Weavering is likely going to be investigated by the UK's Serious Fraud Office,which is part of the criminal justice system, as well as UK regulators including the Financial Services Authority.

It is rumored that Weavering's downfall was a series of interest-rate swap deals between Weavering in the Cayman Islands and a British Virgin Islands based company which just so happened to be controlled by Weaving's chief executive, Magnus Peterson, the former head of trading for Skandinaviska Enskilda Banken (SEB), a Swedish bank.

PwC said it had been told the BVI company’s assets were $10m of cash and $40m of private equity positions. It is unclear who the directors of the BVI company are, but PwC said on Thursday night that Mr. Peterson had told them he controlled it.

Mr.
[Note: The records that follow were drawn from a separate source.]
lemma non_isolated_clique_ZIr_set_Diff_singleton:
  assumes g: "graph V E" and cl: "non_isolated_clique E" and c: "non_isolated E c"
  shows "ZIr_set V E (V - {c})"
  unfolding ZIr_set_def private_fort_def
proof (intro conjI ballI)
  fix x assume x: "x \<in> V - {c}"
  have "c \<in> V" using non_isolated_in_vertices[OF g c] .
  show "\<exists>F. fort V E F \<and> (V - {c}) \<inter> F = {x}"
  proof (cases "non_isolated E x")
    case True
    have "E x v \<longleftrightarrow> E c v" if "v \<noteq> x" "v \<noteq> c" for v
    proof (cases "non_isolated E v")
      case True
      then show ?thesis
        using cl c \<open>non_isolated E x\<close> that unfolding non_isolated_clique_def by blast
    next
      case False
      then show ?thesis
        using non_isolated_if_edge[OF g, of x v] non_isolated_if_edge[OF g, of c v] by blast
    qed
    then have "twins E x c" unfolding twins_def by blast
    then have "fort V E {x, c}" using fort_pair_iff_twins[OF g _ \<open>c \<in> V\<close>] x by blast
    then show ?thesis using x by blast
  next
    case False
    then show ?thesis using fort_singleton_iff[OF g] x by blast
  qed
qed simp

lemma ZIr_set_misses_non_isolated:
  assumes g: "graph V E" and "E a b" and Z: "ZIr_set V E S"
  shows "\<exists>c. non_isolated E c \<and> c \<notin> S"
proof (rule ccontr)
  assume "\<not> ?thesis"
  then have all: "non_isolated E c \<Longrightarrow> c \<in> S" for c by blast
  have "a \<in> S" "b \<in> S" "a \<noteq> b"
    using all non_isolated_if_edge[OF g \<open>E a b\<close>] graph_edgeD(4)[OF g \<open>E a b\<close>] by auto
  then obtain F where F: "fort V E F" "S \<inter> F = {a}"
    using Z unfolding ZIr_set_def private_fort_def by blast
  have "nbhd E b \<inter> F = {a}"
    using F(2) all graph_edgeD(3)[OF g \<open>E a b\<close>] non_isolated_if_edge[OF g]
    unfolding nbhd_def by blast
  then have "card (nbhd E b \<inter> F) = 1" by simp
  moreover have "b \<in> V - F" using F(2) \<open>b \<in> S\<close> \<open>a \<noteq> b\<close> graph_edgeD(2)[OF g \<open>E a b\<close>] by auto
  ultimately show False using F(1) unfolding fort_def by blast
qed

lemma edgeless_ZIr_set_iff:
  assumes g: "graph V E" and "\<not> has_edge E"
  shows "ZIr_set V E S \<longleftrightarrow> S \<subseteq> V"
proof
  assume "S \<subseteq> V"
  moreover have "fort V E {x}" if "x \<in> V" for x
    using fort_singleton_iff[OF g that] assms(2) unfolding has_edge_def non_isolated_def by blast
  ultimately show "ZIr_set V E S" unfolding ZIr_set_def private_fort_def by blast
qed (simp add: ZIr_set_def)
(* Let $G^\sigma$ be a connected oriented graph of order $n\in\{2,3,4\}$ with $sr(G^\sigma)=2$. Then: (1) if $n=2$, $G^\sigma$ is the path $P_2^\sigma$ with arbitrary orientation; (2) if $n=3$, the underlying graph is $K_3$ or $P_3$ (with any orientation of the edges); (3) if $n=4$, $G^\sigma$ is one of: (a) an evenly-oriented cycle $C_4^\sigma$; (b) an orientation (arbitrary) of the star $K_{1,3}$; (c) an evenly-oriented orientation of $K_{1,1,2}$ (i.e. an orientation of $K_4$ minus an edge in which every cycle of length $4$ is evenly-oriented).
   Context: An oriented graph $G^\sigma$ is a simple graph $G$ (underlying graph) together with an orientation of each edge. Its skew-adjacency matrix $S(G^\sigma)=(s_{ij})$ has $s_{ij}=1$ if there is an arc from $v_i$ to $v_j$, $s_{ij}=-1$ if there is an arc from $v_j$ to $v_i$, and $0$ otherwise; the skew-rank $sr(G^\sigma)$ is the rank of $S(G^\sigma)$. For an even cycle $u_1\cdots u_ku_1$, its sign is the sign of $\prod_{i=1}^k s_{u_iu_{i+1}}$ ($u_{k+1}=u_1$); the cycle is evenly-oriented if this sign is positive. An oriented graph is evenly-oriented if every even cycle in it is evenly-oriented. $P_n$, $C_n$, $K_n$ denote path, cycle, complete graph on $n$ vertices; $K_{1,1,2}$ is the complete tripartite graph with parts of sizes $1,1,2$. *)

theory Defs
  imports "HOL-Analysis.Analysis"
begin

text \<open>An oriented graph on the finite vertex type 'n (vertex set = UNIV) is given by an
arc relation A: A x y means there is an arc from x to y.\<close>

definition oriented_graph :: "('n \<Rightarrow> 'n \<Rightarrow> bool) \<Rightarrow> bool" where
  "oriented_graph A \<longleftrightarrow> (\<forall>x. \<not> A x x) \<and> (\<forall>x y. A x y \<longrightarrow> \<not> A y x)"

definition underlying :: "('n \<Rightarrow> 'n \<Rightarrow> bool) \<Rightarrow> 'n \<Rightarrow> 'n \<Rightarrow> bool" where
  "underlying A x y \<longleftrightarrow> A x y \<or> A y x"

definition connected_graph :: "('n \<Rightarrow> 'n \<Rightarrow> bool) \<Rightarrow> bool" where
  "connected_graph E \<longleftrightarrow> (\<forall>x y. E\<^sup>*\<^sup>* x y)"

definition skew_entry :: "('n \<Rightarrow> 'n \<Rightarrow> bool) \<Rightarrow> 'n \<Rightarrow> 'n \<Rightarrow> real" where
  "skew_entry A x y = (if A x y then 1 else if A y x then -1 else 0)"

definition skew_adj :: "('n::finite \<Rightarrow> 'n \<Rightarrow> bool) \<Rightarrow> real^'n^'n" where
  "skew_adj A = (\<chi> i j. skew_entry A i j)"

definition skew_rank :: "('n::finite \<Rightarrow> 'n \<Rightarrow> bool) \<Rightarrow> nat" where
  "skew_rank A = rank (skew_adj A)"

definition is_cycle :: "('n \<Rightarrow> 'n \<Rightarrow> bool) \<Rightarrow> 'n list \<Rightarrow> bool" where
  "is_cycle E us \<longleftrightarrow> length us \<ge> 3 \<and> distinct us \<and>
     (\<forall>i < length us. E (us ! i) (us ! ((i + 1) mod length us)))"

definition cycle_sign :: "('n \<Rightarrow> 'n \<Rightarrow> bool) \<Rightarrow> 'n list \<Rightarrow> real" where
  "cycle_sign A us = (\<Prod>i < length us. skew_entry A (us ! i) (us ! ((i + 1) mod length us)))"

definition evenly_oriented :: "('n \<Rightarrow> 'n \<Rightarrow> bool) \<Rightarrow> bool" where
  "evenly_oriented A \<longleftrightarrow>
     (\<forall>us. is_cycle (underlying A) us \<and> even (length us) \<longrightarrow> cycle_sign A us > 0)"

definition path_graph :: "nat \<Rightarrow> nat \<Rightarrow> nat \<Rightarrow> bool" where
  "path_graph k i j \<longleftrightarrow> i < k \<and> j < k \<and> (j = i + 1 \<or> i = j + 1)"

definition cycle_graph :: "nat \<Rightarrow> nat \<Rightarrow> nat \<Rightarrow> bool" where
  "cycle_graph k i j \<longleftrightarrow> path_graph k i j \<or>
     (i \<noteq> j \<and> {i, j} = {0, k - 1})"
Peterson, his wife Amanda, James Stewart (a frequent TV commentator) and Chas Dabhia (Chief Operating Officer) were on the board of the UK company. Mr. Peterson’s stepfather and brother were directors of the Cayman fund revealed as the counterparty to the trades. The Mayfair (a UK hedge fund center) based fund’s research director is James Stewart, an economic commentator who has made regular television appearances.

As the Madoff scandal has demonstrated in abundantly clear detail the presence of a significant amount of family members, be they on the board of a hedge fund, or actually working on a daily basis at a hedge fund organization should raise a significant red flag during the due diligence process. This is not to say that the presence of any such family relationship should preclude in and of itself investing in an organization such as Weavering, but it should heighten levels of scrutiny of other things such as independence. A second, often-overlooked issue, during the hedge fund operational due diligence process is thoroughly investigating affiliated and/or related entities as well as their board members. In this case many, investors clearly missed this step.

The primary problem in Weavering's case was that the main counterparty in the interest-rate swap was essentially controlled by itself (despite the legal fiction of different entities in different jurisdictions). It seems that once the firm was hit with a wave a redemption requests all at once, Weavering notified investors that it was "urgently" investigating the position. It should have been a fairly short investigation - since it was looking into itself.